Z tej strony przykręciłem łapę silnika, króciec do wskaźnika ciśnienia oleju, założyłem puszkę odmy i zdjąłem zaślepkę pompy paliwa.



Pompa paliwa jest ze starego silnika, tylko dobrze domyta. Już nie wygląda jak kulka błota z olejem.



I przykręcona.



Z przodu silnika miałem przykręcone koło pasowe pompy wody pod dwa paski klinowe. Koła na wale nie było, bo było z tłumikiem drgań skrętnych, ale guma w nim była już sparciała.



Dlatego oba te koła pozyskałem ze starego silnika i po odnowieniu przykręciłem tu. Te mają rowki tylko na jeden pasek klinowy.



Skupmy się teraz na tym fragmencie silnika. Widać tu otwór na termostat, a obok napinacz paska rozrządu. Napinacz prykręciłem tym, co miałem, ale nie jest to oryginalna konfiguracja.



Termostat razem z kolankiem pozyskałem z wyjętego silnika.

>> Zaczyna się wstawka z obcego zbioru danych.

definition G_verts :: "nat \<Rightarrow> nat \<Rightarrow> nat \<Rightarrow> vtx set" where
  "G_verts k l m = {Y} \<union> {X a | a. a \<in> {1..k}}
     \<union> {W a b | a b. a \<in> {1..k} \<and> b \<in> {1..l}}
     \<union> {V a b | a b. a \<in> {1..k} \<and> b \<in> {1..l}}
     \<union> {U a b c | a b c. a \<in> {1..k} \<and> b \<in> {1..l} \<and> c \<in> {1..m}}"

definition G_edges :: "nat \<Rightarrow> nat \<Rightarrow> nat \<Rightarrow> (vtx \<times> vtx) set" where
  "G_edges k l m = {(Y, X a) | a. a \<in> {1..k}}
     \<union> {(X a, W a b) | a b. a \<in> {1..k} \<and> b \<in> {1..l}}
     \<union> {(W a b, V a b) | a b. a \<in> {1..k} \<and> b \<in> {1..l}}
     \<union> {(V a b, U a b c) | a b c. a \<in> {1..k} \<and> b \<in> {1..l} \<and> c \<in> {1..m}}"

definition G_adj :: "nat \<Rightarrow> nat \<Rightarrow> nat \<Rightarrow> vtx \<Rightarrow> vtx \<Rightarrow> bool" where
  "G_adj k l m u v \<longleftrightarrow> (u, v) \<in> G_edges k l m \<or> (v, u) \<in> G_edges k l m"

end

theory Submission
  imports Defs "HOL-Library.FuncSet"
begin

text \<open>A total dominating set must contain some X a (to dominate Y), every V a b (to dominate
  the leaves U a b c), and a neighbour of each V a b, i.e. a vertex of {W a b} \<union> {U a b c}.
  These 2kl + 1 demands are met by pairwise distinct vertices, and a set consisting of exactly
  such vertices is total dominating iff every X a has some chosen W a b as neighbour (Y is not
  in it). A minimum set is therefore determined by the index of its X-vertex (k choices) and,
  independently for each branch a, by a choice of neighbours of V a 1, \<dots>, V a l that are not
  all leaves ((m + 1)^l - m^l choices).\<close>

lemma total_domination_number_eqI:
  assumes "total_dominating Vs E D0" and "card D0 = n"
    and "\<And>D. total_dominating Vs E D \<Longrightarrow> n \<le> card D"
  shows "total_domination_number Vs E = n"
  unfolding total_domination_number_def
  by (rule Least_equality) (use assms in auto)

lemma card_PiE_not_subset:
  assumes "finite I" "\<And>i. i \<in> I \<Longrightarrow> finite (A i)" "\<And>i. i \<in> I \<Longrightarrow> B i \<subseteq> A i"
  shows "card {f \<in> PiE I A. \<exists>i\<in>I. f i \<notin> B i} = (\<Prod>i\<in>I. card (A i)) - (\<Prod>i\<in>I. card (B i))"
proof -
  have "{f \<in> PiE I A. \<exists>i\<in>I. f i \<notin> B i} = PiE I A - PiE I B"
    by (auto simp: PiE_def Pi_def)
  moreover have "PiE I B \<subseteq> PiE I A" by (rule PiE_mono) (use assms(3) in auto)
  moreover have "finite (PiE I B)"
    using assms by (intro finite_PiE) (auto intro: finite_subset)
  ultimately show ?thesis
    using assms(1) by (simp add: card_Diff_subset card_PiE)
qed

lemma G_verts_simps [simp]:
  "Y \<in> G_verts k l m"
  "X a \<in> G_verts k l m \<longleftrightarrow> a \<in> {1..k}"
  "W a b \<in> G_verts k l m \<longleftrightarrow> a \<in> {1..k} \<and> b \<in> {1..l}"
  "V a b \<in> G_verts k l m \<longleftrightarrow> a \<in> {1..k} \<and> b \<in> {1..l}"
  "U a b c \<in> G_verts k l m \<longleftrightarrow> a \<in> {1..k} \<and> b \<in> {1..l} \<and> c \<in> {1..m}"
  by (auto simp: G_verts_def)

lemma G_adj_simps [simp]:
  "G_adj k l m Y v \<longleftrightarrow> (\<exists>a\<in>{1..k}. v = X a)"
  "G_adj k l m (X a) v \<longleftrightarrow> a \<in> {1..k} \<and> (v = Y \<or> (\<exists>b\<in>{1..l}. v = W a b))"
  "G_adj k l m (W a b) v \<longleftrightarrow> a \<in> {1..k} \<and> b \<in> {1..l} \<and> (v = X a \<or> v = V a b)"
  "G_adj k l m (V a b) v \<longleftrightarrow> a \<in> {1..k} \<and> b \<in> {1..l} \<and> (v = W a b \<or> (\<exists>c\<in>{1..m}. v = U a b c))"
  "G_adj k l m (U a b c) v \<longleftrightarrow> a \<in> {1..k} \<and> b \<in> {1..l} \<and> c \<in> {1..m} \<and> v = V a b"
  by (cases v; auto simp: G_adj_def G_edges_def)+

lemma G_verts_eq:
  "G_verts k l m = insert Y (X ` {1..k}
     \<union> case_prod W ` ({1..k} \<times> {1..l}) \<union> case_prod V ` ({1..k} \<times> {1..l})
     \<union> (\<lambda>(a, b, c). U a b c) ` ({1..k} \<times> {1..l} \<times> {1..m}))"
proof (rule set_eqI)
  fix x show "x \<in> G_verts k l m \<longleftrightarrow> x \<in> insert Y (X ` {1..k}
     \<union> case_prod W ` ({1..k} \<times> {1..l}) \<union> case_prod V ` ({1..k} \<times> {1..l})
     \<union> (\<lambda>(a, b, c). U a b c) ` ({1..k} \<times> {1..l} \<times> {1..m}))"
    by (cases x) (auto intro: rev_image_eqI[where x = "(a, b, c)" for a b c])
qed
text \<open>Call \<open>[a, a + s]\<close> a Cantor interval if the Cantor set meets it in the copy \<open>a + s C\<close>.
  Let \<open>f\<close> be continuous and let \<open>u\<close> lie between the values of \<open>f\<close> at the lower left and the
  upper right corner of a square \<open>I \<times> J\<close> of two Cantor intervals. If the value ranges of the
  four corner subsquares \<open>I\<^sub>i \<times> J\<^sub>j\<close> (thirds of \<open>I\<close> and \<open>J\<close>) overlap, \<open>u\<close> is again
  bracketed by one of them; iterating and passing to the limit yields \<open>x, y \<in> C\<close> with
  \<open>f x y = u\<close>. For \<open>x\<^sup>2 y\<close> on \<open>[2/3, 1]\<^sup>2\<close> this gives (1) after scaling by powers of 3;
  for \<open>x + r y\<close>, with the symmetry \<open>y \<mapsto> 1 - y\<close>, it gives every ratio in \<open>[2/3, 3/2]\<close> and
  hence (2). For \<open>x y\<close> it shows that products from the two outer thirds of a Cantor interval
  \<open>[a, a + s]\<close> fill an interval; by self-similarity the products from \<open>[a, a + s]\<^sup>2\<close> then
  have measure at least \<open>2 a s + 6 s\<^sup>2 / 7\<close>, which is \<open>34/63\<close> for \<open>[2/3, 1]\<close>. One explicit
  gap among the products makes this strict, and since the product set \<open>P\<close> contains both the
  products \<open>E\<close> from \<open>[2/3, 1]\<^sup>2\<close> and the disjoint copy \<open>P / 3\<close>, its measure is at least
  \<open>3/2 \<mu>(E) > 17/21\<close>.\<close>

section \<open>Ternary expansions and self-similarity\<close>

definition ternary_value :: "(nat \<Rightarrow> real) \<Rightarrow> real" where
  "ternary_value \<alpha> = (\<Sum>k. \<alpha> k / 3 ^ Suc k)"

definition cantor_digits :: "(nat \<Rightarrow> real) \<Rightarrow> bool" where
  "cantor_digits \<alpha> \<longleftrightarrow> (\<forall>k. \<alpha> k \<in> {0, 2})"

lemma cantor_set_eq_ternary_values:
  "cantor_set = {ternary_value \<alpha> | \<alpha>. cantor_digits \<alpha>}"
  by (auto simp: cantor_set_def cantor_digits_def ternary_value_def)

lemma sums_two_over_powers_of_three: "(\<lambda>k. 2 / 3 ^ Suc k :: real) sums 1"
proof -
  have "(\<lambda>k. 2/3 * (1/3::real) ^ k) sums (2/3 * (1 / (1 - 1/3)))"
    by (intro sums_mult geometric_sums) simp
  then show ?thesis
    by (simp add: power_divide)
qed

lemma cantor_digit_term_bounds:
  "cantor_digits \<alpha> \<Longrightarrow> 0 \<le> \<alpha> k / 3 ^ Suc k \<and> \<alpha> k / 3 ^ Suc k \<le> 2 / 3 ^ Suc k"
  unfolding cantor_digits_def by (cases "\<alpha> k = 0") (auto simp del: power_Suc)

lemma summable_cantor_digits:
  "cantor_digits \<alpha> \<Longrightarrow> summable (\<lambda>k. \<alpha> k / 3 ^ Suc k)"
proof (rule summable_comparison_test'[OF sums_summable[OF sums_two_over_powers_of_three]])
  fix n
  assume "cantor_digits \<alpha>"
  then have "0 \<le> \<alpha> n / 3 ^ Suc n" "\<alpha> n / 3 ^ Suc n \<le> 2 / 3 ^ Suc n"
    using cantor_digit_term_bounds by blast+
  then show "norm (\<alpha> n / 3 ^ Suc n) \<le> 2 / 3 ^ Suc n"
    by (simp only: real_norm_def abs_of_nonneg)
qed

lemma ternary_value_bounds:
  assumes "cantor_digits \<alpha>"
  shows "0 \<le> ternary_value \<alpha>" "ternary_value \<alpha> \<le> 1"
proof -
  show "0 \<le> ternary_value \<alpha>"
    unfolding ternary_value_def
    by (rule suminf_nonneg[OF summable_cantor_digits[OF assms]])
       (use assms cantor_digit_term_bounds in auto)
  have "ternary_value \<alpha> \<le> (\<Sum>k. 2 / 3 ^ Suc k)"
    unfolding ternary_value_def
    by (rule suminf_le[OF _ summable_cantor_digits[OF assms]
          sums_summable[OF sums_two_over_powers_of_three]])
       (use assms cantor_digit_term_bounds in auto)
  then show "ternary_value \<alpha> \<le> 1"
    using sums_unique[OF sums_two_over_powers_of_three] by simp
qed

lemma ternary_value_Suc_shift:
  assumes "cantor_digits \<alpha>"
  shows "ternary_value \<alpha> = (\<alpha> 0 + ternary_value (\<lambda>k. \<alpha> (Suc k))) / 3"
proof -
  have tail: "cantor_digits (\<lambda>k. \<alpha> (Suc k))"
    using assms by (simp add: cantor_digits_def)
  have "(\<Sum>k. \<alpha> (Suc k) / 3 ^ Suc (Suc k)) = ternary_value \<alpha> - \<alpha> 0 / 3"
    using suminf_split_head[OF summable_cantor_digits[OF assms]]
    by (simp add: ternary_value_def)
  moreover have "(\<Sum>k. \<alpha> (Suc k) / 3 ^ Suc (Suc k)) = ternary_value (\<lambda>k. \<alpha> (Suc k)) / 3"
    using suminf_divide[OF summable_cantor_digits[OF tail], of 3]
    by (simp add: ternary_value_def field_simps)
  ultimately show ?thesis
    by (simp add: field_simps)
qed

lemma cantor_set_self_similar:
  "x \<in> cantor_set \<longleftrightarrow> (\<exists>y\<in>cantor_set. x = y / 3 \<or> x = (2 + y) / 3)"
proof
  assume "x \<in> cantor_set"
  then obtain \<alpha> where \<alpha>: "cantor_digits \<alpha>" "x = ternary_value \<alpha>"
    by (auto simp: cantor_set_eq_ternary_values)
  have "ternary_value (\<lambda>k. \<alpha> (Suc k)) \<in> cantor_set"
    using \<alpha>(1) by (auto simp: cantor_set_eq_ternary_values cantor_digits_def)
  moreover have "\<alpha> 0 = 0 \<or> \<alpha> 0 = 2"
    using \<alpha>(1) by (auto simp: cantor_digits_def)
  ultimately show "\<exists>y\<in>cantor_set. x = y / 3 \<or> x = (2 + y) / 3"
    using ternary_value_Suc_shift[OF \<alpha>(1)] \<alpha>(2) by auto
next
  assume "\<exists>y\<in>cantor_set. x = y / 3 \<or> x = (2 + y) / 3"
  then obtain c y where y: "y \<in> cantor_set" "c = 0 \<or> c = 2" "x = (c + y) / 3"
    by force
  then obtain \<beta> where \<beta>: "cantor_digits \<beta>" "y = ternary_value \<beta>"
    by (auto simp: cantor_set_eq_ternary_values)
  define \<alpha> where "\<alpha> k = (case k of 0 \<Rightarrow> c | Suc j \<Rightarrow> \<beta> j)" for k
  have \<alpha>: "cantor_digits \<alpha>"
    using \<beta>(1) y(2) by (auto simp: cantor_digits_def \<alpha>_def split: nat.split)
  have "x = ternary_value \<alpha>"
    using ternary_value_Suc_shift[OF \<alpha>] \<beta>(2) y(3) by (simp add: \<alpha>_def)
  with \<alpha> show "x \<in> cantor_set"
    by (auto simp: cantor_set_eq_ternary_values)
qed

lemma cantor_set_subset_unit: "cantor_set \<subseteq> {0..1}"
  using ternary_value_bounds by (auto simp: cantor_set_eq_ternary_values)

lemma cantor_set_gap: "x \<in> cantor_set \<Longrightarrow> x \<le> 1/3 \<or> 2/3 \<le> x"
  using cantor_set_self_similar[of x] cantor_set_subset_unit by fastforce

Nie wygląda to zachęcająco. Nawet uszczelka spod termostatu wypadła w kawałkach.



Kolanko udało się dość nieźle odnowić. Termostat póki co zostaje.



Przykręciłem termostat z obudową, a w napinaczu wymieniłem śrubę mocującą na właściwą, któa trzyma jednocześnie sprężynę napinającą.

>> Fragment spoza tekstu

(* Suppose that $2$ is invertible in $T$. Then for every sequence ${\mathbf s}$ in $\widehat{\mathcal S}$, $${\mathcal Y}_T({\mathbf s})=\Big\{(z_\sigma)\in\bigoplus_{\sigma\in I({\mathbf s})}Q_T\ \Big|\ \textstyle\sum_\sigma z_\sigma m_\sigma\in S_T\text{ for all }(m_\sigma)\in{\mathcal X}_T({\mathbf s})\Big\}.$$ Consequently ${\mathcal Y}_T({\mathbf s})$ is identified with the graded dual $\bigoplus_n\operatorname{Hom}_{S_T}({\mathcal X}_T({\mathbf s}),S_T\{n\})$ via the pairing $((x_\sigma),(y_\sigma))\mapsto\sum_\sigma x_\sigma y_\sigma$.
   Context: $R$ irreducible reduced finite root system (positive roots $R^+$, simple roots $\Pi$, highest root $\gamma$); $\widehat X=X\oplus\mathbb Z$, $\delta=(0,-1)$, affine roots $\widehat R=\{\alpha+n\delta\}$. $\widehat{\mathcal W}$ generated by $s_{\alpha,n}(v,m)=(v-(\langle\alpha,v\rangle-mn)\alpha^\vee,m)$, acting contragrediently on $\widehat X$; $\widehat{\mathcal S}=\{s_{\alpha,0}:\alpha\in\Pi\}\cup\{s_{\gamma,1}\}$ with simple affine roots $\alpha$ resp. $-\gamma+\delta$. $T$: commutative unital domain, affine roots nonzero in $\widehat X\otimes T$; $S_T$ symmetric algebra of $\widehat X\otimes T$ graded in even degrees, $M\{n\}_k=M_{n+k}$; $Q_T=S_T[2^{-1}][\alpha^{-1}:\alpha\in\widehat R]$. For ${\mathbf s}=(s_1,\dots,s_l)$: $I({\mathbf s})$ = strictly increasing tuples in $\{1,\dots,l\}$, $\operatorname{ev}(i_1,\dots,i_n)=s_{i_1}\cdots s_{i_n}$; ${\mathbf s}'=(s_1,\dots,s_{l-1})$, $I({\mathbf s})=I({\mathbf s}')\sqcup I({\mathbf s}')s_l$; $\Delta(z)_\gamma=\Delta(z)_{\gamma s_l}=z_\gamma$; $c^\lambda$ multiplies the $\sigma$-component by $\operatorname{ev}(\sigma)(\lambda)\otimes1$; $\alpha_l$ the simple affine root of $s_l$. ${\mathcal X}_T(\emptyset)=S_T$, ${\mathcal X}_T({\mathbf s})=\Delta({\mathcal X}_T({\mathbf s}'))+c^{\alpha_l}\Delta({\mathcal X}_T({\mathbf s}'))\subset\bigoplus_{I({\mathbf s})}S_T$; ${\mathcal Y}_T(\emptyset)=S_T\subset Q_T$, ${\mathcal Y}_T({\mathbf s})=\Delta({\mathcal Y}_T({\mathbf s}'))+(c^{\alpha_l})^{-1}\Delta({\mathcal Y}_T({\mathbf s}'))\subset\bigoplus_{I({\mathbf s})}Q_T$. *)

theory Defs
  imports "HOL-Analysis.Finite_Cartesian_Product" "HOL-Library.Poly_Mapping"
    "HOL-Library.Option_ord" "HOL-Computational_Algebra.Fraction_Field"
begin

text \<open>The lattice X is Z^n, realised as int^'n; its dual lattice is identified with int^'n
  via the standard pairing.  Coroots are given by a map cor.\<close>

definition pair :: "(int, 'n::finite) vec \<Rightarrow> (int, 'n) vec \<Rightarrow> int" where
  "pair x v = (\<Sum>i\<in>UNIV. x $ i * v $ i)"

definition refl :: "((int, 'n::finite) vec \<Rightarrow> (int, 'n) vec) \<Rightarrow> (int, 'n) vec \<Rightarrow> (int, 'n) vec \<Rightarrow> (int, 'n) vec" where
  "refl cor a x = x - pair x (cor a) *s a"

definition corefl :: "((int, 'n::finite) vec \<Rightarrow> (int, 'n) vec) \<Rightarrow> (int, 'n) vec \<Rightarrow> (int, 'n) vec \<Rightarrow> (int, 'n) vec" where
  "corefl cor a v = v - pair a v *s cor a"

definition root_system :: "((int, 'n::finite) vec) set \<Rightarrow> ((int, 'n) vec \<Rightarrow> (int, 'n) vec) \<Rightarrow> bool" where
  "root_system R cor \<longleftrightarrow> finite R \<and> R \<noteq> {} \<and> inj_on cor R \<and>
     (\<forall>a\<in>R. pair a (cor a) = 2) \<and>
     (\<forall>a\<in>R. \<forall>b\<in>R. refl cor a b \<in> R) \<and>
     (\<forall>a\<in>R. \<forall>b\<in>R. corefl cor a (cor b) \<in> cor ` R)"

definition reduced :: "((int, 'n::finite) vec) set \<Rightarrow> bool" where
  "reduced R \<longleftrightarrow> (\<forall>a\<in>R. 2 *s a \<notin> R)"

definition irreducible_rs :: "((int, 'n::finite) vec) set \<Rightarrow> ((int, 'n) vec \<Rightarrow> (int, 'n) vec) \<Rightarrow> bool" where
  "irreducible_rs R cor \<longleftrightarrow> R \<noteq> {} \<and>
     \<not> (\<exists>R1 R2. R1 \<union> R2 = R \<and> R1 \<inter> R2 = {} \<and> R1 \<noteq> {} \<and> R2 \<noteq> {} \<and>
            (\<forall>a\<in>R1. \<forall>b\<in>R2. pair a (cor b) = 0))"

definition is_base :: "((int, 'n::finite) vec) set \<Rightarrow> ((int, 'n) vec) set \<Rightarrow> bool" where
  "is_base R P \<longleftrightarrow> P \<subseteq> R \<and>
     (\<forall>c :: (int, 'n) vec \<Rightarrow> int. (\<Sum>a\<in>P. c a *s a) = 0 \<longrightarrow> (\<forall>a\<in>P. c a = 0)) \<and>
     (\<forall>b\<in>R. \<exists>c :: (int, 'n) vec \<Rightarrow> int. b = (\<Sum>a\<in>P. c a *s a) \<and>
              ((\<forall>a\<in>P. c a \<ge> 0) \<or> (\<forall>a\<in>P. c a \<le> 0)))"

definition positive_roots :: "((int, 'n::finite) vec) set \<Rightarrow> ((int, 'n) vec) set \<Rightarrow> ((int, 'n) vec) set" where
  "positive_roots R P = {b\<in>R. \<exists>c :: (int, 'n) vec \<Rightarrow> int. b = (\<Sum>a\<in>P. c a *s a) \<and> (\<forall>a\<in>P. c a \<ge> 0)}"

definition highest_root :: "((int, 'n::finite) vec) set \<Rightarrow> ((int, 'n) vec) set \<Rightarrow> (int, 'n) vec \<Rightarrow> bool" where
  "highest_root R P g \<longleftrightarrow> g \<in> R \<and>
     (\<forall>b\<in>R. \<exists>c :: (int, 'n) vec \<Rightarrow> int. g - b = (\<Sum>a\<in>P. c a *s a) \<and> (\<forall>a\<in>P. c a \<ge> 0))"

text \<open>Elements of Xhat are pairs (lambda, k); delta = (0,-1), so alpha + m delta = (alpha, -m).\<close>

definition affine_roots :: "((int, 'n::finite) vec) set \<Rightarrow> (((int, 'n) vec) \<times> int) set" where
  "affine_roots R = {(a, k) | a k. a \<in> R}"

text \<open>The generator s_{alpha,m} is encoded by the pair (alpha, m).  Its (contragredient) action
  on Xhat: s_{alpha,m}(lambda,k) = (lambda - <lambda,alpha^vee> alpha, k - m <lambda,alpha^vee>),
  i.e. the reflection along the affine root alpha - m delta.\<close>
definition act :: "((int, 'n::finite) vec \<Rightarrow> (int, 'n) vec) \<Rightarrow> ((int, 'n) vec) \<times> int \<Rightarrow> ((int, 'n) vec) \<times> int \<Rightarrow> ((int, 'n) vec) \<times> int" where
  "act cor t x = (fst x - pair (fst x) (cor (fst t)) *s fst t,
                  snd x - snd t * pair (fst x) (cor (fst t)))"

definition Shat :: "((int, 'n::finite) vec) set \<Rightarrow> (int, 'n) vec \<Rightarrow> (((int, 'n) vec) \<times> int) set" where
  "Shat P g = {(a, 0) | a. a \<in> P} \<union> {(g, 1)}"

Przód silnika już wygląda na prawie gotowy.



Potem wymieniłem łożysko sprzęgła i włożyłem silnik na miejsce. Tu już jest przykręcony do skrzyni, przykręcone są też łapy silnika i rurka od wskażnika ciśnienia oleju.



Nie mogłem się oprzeć zrobieniu zdjęcia dla przyjemności pokazania jak to teraz ładnie wygląda.



Zanim dojdziemy do końca tej strony, to jeszcze chcę ogarnąć drugą stronę silnika. Wydechu jednak nie chcę przykręcać przed założeniam rozrusznika, bo wygodniej jest mi go założyć od góry, a nie z kanału. Zatem zajmę się teraz rozrusznikiem. Tak wyglądał po odkręceniu.



Dość szybko jednak rozkręciłem go na części.



Potem umyłem wszystko w srodku i na zewnątrz, bo był potwornie zapyziały. Co trzeba - pomalowałem, co trzeba - jest już ocynkowane. Tulejki były ok, kupiłem tylko nowe szczotki.



Przekładnia planetarna była już prawie sucha, więc ją na nowo nasmarowałem.



Mogę składać.



Najpierw przekładnia z bendiksem.



Potem wirnik z obudową.



Następnie pokrywa tylna.



I mała pokrywka. Przygotowałem też elektromagnes.



Ale zapomniałem zrobić zdjęcie po przykręceniu elektromagnesu. Zrobiłem jednak zdjęcie po przykręceniu rozrusznika na miejsce.



I drugie.



Teraz już mogłem przykręcić kolektor wydechowy - on też został wypiaskowany i pomalowałem go farbą wysokotemperaturową. Do tego przykręciłem rurę wydechową.